**Exercise directions**
Copy the records exactly. Every line must match.

Recorded data

·····

(* Let $(Q,f)$ be a triangulation quiver with at least three vertices and $\partial(Q,f)$ non-empty, and let $m_\bullet,c_\bullet,b_\bullet$ be weight, parameter and border functions of $(Q,f)$. Assume that $K$ has characteristic different from $2$. Then the algebras $\Lambda(Q,f,m_\bullet,c_\bullet,b_\bullet)$ and $\Lambda(Q,f,m_\bullet,c_\bullet)$ are isomorphic.
   Context: $K$ is an algebraically closed field. A triangulation quiver is $(Q,f)$ with $Q$ a finite connected quiver, each vertex the source and target of exactly two arrows, $f$ a permutation of $Q_1$ with $s(f(\alpha))=t(\alpha)$, $f^3=\mathrm{id}$. $\bar\alpha$ is the other arrow with source $s(\alpha)$, $g(\alpha)=\overline{f(\alpha)}$, $n_\alpha$ the size of the $g$-orbit of $\alpha$. Weight $m_\bullet$ (positive integers) and parameter $c_\bullet$ (in $K^*$) functions on $g$-orbits, values $m_\alpha,c_\alpha$, with $m_\alpha n_\alpha\ge3$. $A_\alpha=(\alpha g(\alpha)\cdots g^{n_\alpha-1}(\alpha))^{m_\alpha-1}\alpha g(\alpha)\cdots g^{n_\alpha-2}(\alpha)$ ($n_\alpha\ge2$), $A_\alpha=\alpha^{m_\alpha-1}$ ($n_\alpha=1$), $B_\alpha=(\alpha g(\alpha)\cdots g^{n_\alpha-1}(\alpha))^{m_\alpha}$. $\Lambda(Q,f,m_\bullet,c_\bullet)=KQ/I$, $I$ generated by $\alpha f(\alpha)-c_{\bar\alpha}A_{\bar\alpha}$ and $\beta f(\beta)g(f(\beta))$ for all arrows. A border vertex is a vertex $i$ with a loop $\alpha$ at $i$ with $f(\alpha)=\alpha$ (border loop); $\partial(Q,f)$ is the set of border vertices; a border function is any $b_\bullet:\partial(Q,f)\to K$. $\Lambda(Q,f,m_\bullet,c_\bullet,b_\bullet)=KQ/\bar I$, $\bar I$ generated by $\alpha f(\alpha)-c_{\bar\alpha}A_{\bar\alpha}$ for non-border-loop arrows $\alpha$, $\alpha^2-c_{\bar\alpha}A_{\bar\alpha}-b_{s(\alpha)}B_{\bar\alpha}$ for border loops $\alpha$, and $\beta f(\beta)g(f(\beta))$ for all $\beta$. *)

theory Defs
  imports "HOL-Computational_Algebra.Polynomial"
begin

text \<open>A quiver is given by a vertex set Q0, an arrow set Q1 and source/target maps s, t.
  Arrows compose left to right: the path alpha beta means first alpha, then beta
  (so t alpha = s beta).\<close>

definition bar :: "'a set \<Rightarrow> ('a \<Rightarrow> 'v) \<Rightarrow> 'a \<Rightarrow> 'a" where
  "bar Q1 s \<alpha> = (THE \<beta>. \<beta> \<in> Q1 \<and> s \<beta> = s \<alpha> \<and> \<beta> \<noteq> \<alpha>)"

definition gperm :: "'a set \<Rightarrow> ('a \<Rightarrow> 'v) \<Rightarrow> ('a \<Rightarrow> 'a) \<Rightarrow> 'a \<Rightarrow> 'a" where
  "gperm Q1 s f \<alpha> = bar Q1 s (f \<alpha>)"

definition orbsize :: "'a set \<Rightarrow> ('a \<Rightarrow> 'v) \<Rightarrow> ('a \<Rightarrow> 'a) \<Rightarrow> 'a \<Rightarrow> nat" where
  "orbsize Q1 s f \<alpha> = (LEAST k. 0 < k \<and> (gperm Q1 s f ^^ k) \<alpha> = \<alpha>)"

definition triangulation_quiver ::
  "'v set \<Rightarrow> 'a set \<Rightarrow> ('a \<Rightarrow> 'v) \<Rightarrow> ('a \<Rightarrow> 'v) \<Rightarrow> ('a \<Rightarrow> 'a) \<Rightarrow> bool" where
  "triangulation_quiver Q0 Q1 s t f \<longleftrightarrow>
     finite Q0 \<and> finite Q1 \<and> Q0 \<noteq> {} \<and>
     (\<forall>a\<in>Q1. s a \<in> Q0 \<and> t a \<in> Q0) \<and>
     (\<forall>i\<in>Q0. card {a\<in>Q1. s a = i} = 2 \<and> card {a\<in>Q1. t a = i} = 2) \<and>
     (\<forall>i\<in>Q0. \<forall>j\<in>Q0. (i, j) \<in> ({(s a, t a) |a. a \<in> Q1} \<union> {(t a, s a) |a. a \<in> Q1})\<^sup>*) \<and>
     bij_betw f Q1 Q1 \<and>
     (\<forall>a\<in>Q1. s (f a) = t a \<and> f (f (f a)) = a)"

·····

**Answer to the problem**
(* Let $(Q,f)$ be a triangulation quiver with at least three vertices and $\partial(Q,f)$ non-empty, and let $m_\bullet,c_\bullet,b_\bullet$ be weight, parameter and border functions of $(Q,f)$. Assume that $K$ has characteristic different from $2$. Then the algebras $\Lambda(Q,f,m_\bullet,c_\bullet,b_\bullet)$ and $\Lambda(Q,f,m_\bullet,c_\bullet)$ are isomorphic.
   Context: $K$ is an algebraically closed field. A triangulation quiver is $(Q,f)$ with $Q$ a finite connected quiver, each vertex the source and target of exactly two arrows, $f$ a permutation of $Q_1$ with $s(f(\alpha))=t(\alpha)$, $f^3=\mathrm{id}$. $\bar\alpha$ is the other arrow with source $s(\alpha)$, $g(\alpha)=\overline{f(\alpha)}$, $n_\alpha$ the size of the $g$-orbit of $\alpha$. Weight $m_\bullet$ (positive integers) and parameter $c_\bullet$ (in $K^*$) functions on $g$-orbits, values $m_\alpha,c_\alpha$, with $m_\alpha n_\alpha\ge3$. $A_\alpha=(\alpha g(\alpha)\cdots g^{n_\alpha-1}(\alpha))^{m_\alpha-1}\alpha g(\alpha)\cdots g^{n_\alpha-2}(\alpha)$ ($n_\alpha\ge2$), $A_\alpha=\alpha^{m_\alpha-1}$ ($n_\alpha=1$), $B_\alpha=(\alpha g(\alpha)\cdots g^{n_\alpha-1}(\alpha))^{m_\alpha}$. $\Lambda(Q,f,m_\bullet,c_\bullet)=KQ/I$, $I$ generated by $\alpha f(\alpha)-c_{\bar\alpha}A_{\bar\alpha}$ and $\beta f(\beta)g(f(\beta))$ for all arrows. A border vertex is a vertex $i$ with a loop $\alpha$ at $i$ with $f(\alpha)=\alpha$ (border loop); $\partial(Q,f)$ is the set of border vertices; a border function is any $b_\bullet:\partial(Q,f)\to K$. $\Lambda(Q,f,m_\bullet,c_\bullet,b_\bullet)=KQ/\bar I$, $\bar I$ generated by $\alpha f(\alpha)-c_{\bar\alpha}A_{\bar\alpha}$ for non-border-loop arrows $\alpha$, $\alpha^2-c_{\bar\alpha}A_{\bar\alpha}-b_{s(\alpha)}B_{\bar\alpha}$ for border loops $\alpha$, and $\beta f(\beta)g(f(\beta))$ for all $\beta$. *)

theory Defs
  imports "HOL-Computational_Algebra.Polynomial"
begin

text \<open>A quiver is given by a vertex set Q0, an arrow set Q1 and source/target maps s, t.
  Arrows compose left to right: the path alpha beta means first alpha, then beta
  (so t alpha = s beta).\<close>

definition bar :: "'a set \<Rightarrow> ('a \<Rightarrow> 'v) \<Rightarrow> 'a \<Rightarrow> 'a" where
  "bar Q1 s \<alpha> = (THE \<beta>. \<beta> \<in> Q1 \<and> s \<beta> = s \<alpha> \<and> \<beta> \<noteq> \<alpha>)"

definition gperm :: "'a set \<Rightarrow> ('a \<Rightarrow> 'v) \<Rightarrow> ('a \<Rightarrow> 'a) \<Rightarrow> 'a \<Rightarrow> 'a" where
  "gperm Q1 s f \<alpha> = bar Q1 s (f \<alpha>)"

definition orbsize :: "'a set \<Rightarrow> ('a \<Rightarrow> 'v) \<Rightarrow> ('a \<Rightarrow> 'a) \<Rightarrow> 'a \<Rightarrow> nat" where
  "orbsize Q1 s f \<alpha> = (LEAST k. 0 < k \<and> (gperm Q1 s f ^^ k) \<alpha> = \<alpha>)"

definition triangulation_quiver ::
  "'v set \<Rightarrow> 'a set \<Rightarrow> ('a \<Rightarrow> 'v) \<Rightarrow> ('a \<Rightarrow> 'v) \<Rightarrow> ('a \<Rightarrow> 'a) \<Rightarrow> bool" where
  "triangulation_quiver Q0 Q1 s t f \<longleftrightarrow>
     finite Q0 \<and> finite Q1 \<and> Q0 \<noteq> {} \<and>
     (\<forall>a\<in>Q1. s a \<in> Q0 \<and> t a \<in> Q0) \<and>
     (\<forall>i\<in>Q0. card {a\<in>Q1. s a = i} = 2 \<and> card {a\<in>Q1. t a = i} = 2) \<and>
     (\<forall>i\<in>Q0. \<forall>j\<in>Q0. (i, j) \<in> ({(s a, t a) |a. a \<in> Q1} \<union> {(t a, s a) |a. a \<in> Q1})\<^sup>*) \<and>
     bij_betw f Q1 Q1 \<and>
     (\<forall>a\<in>Q1. s (f a) = t a \<and> f (f (f a)) = a)"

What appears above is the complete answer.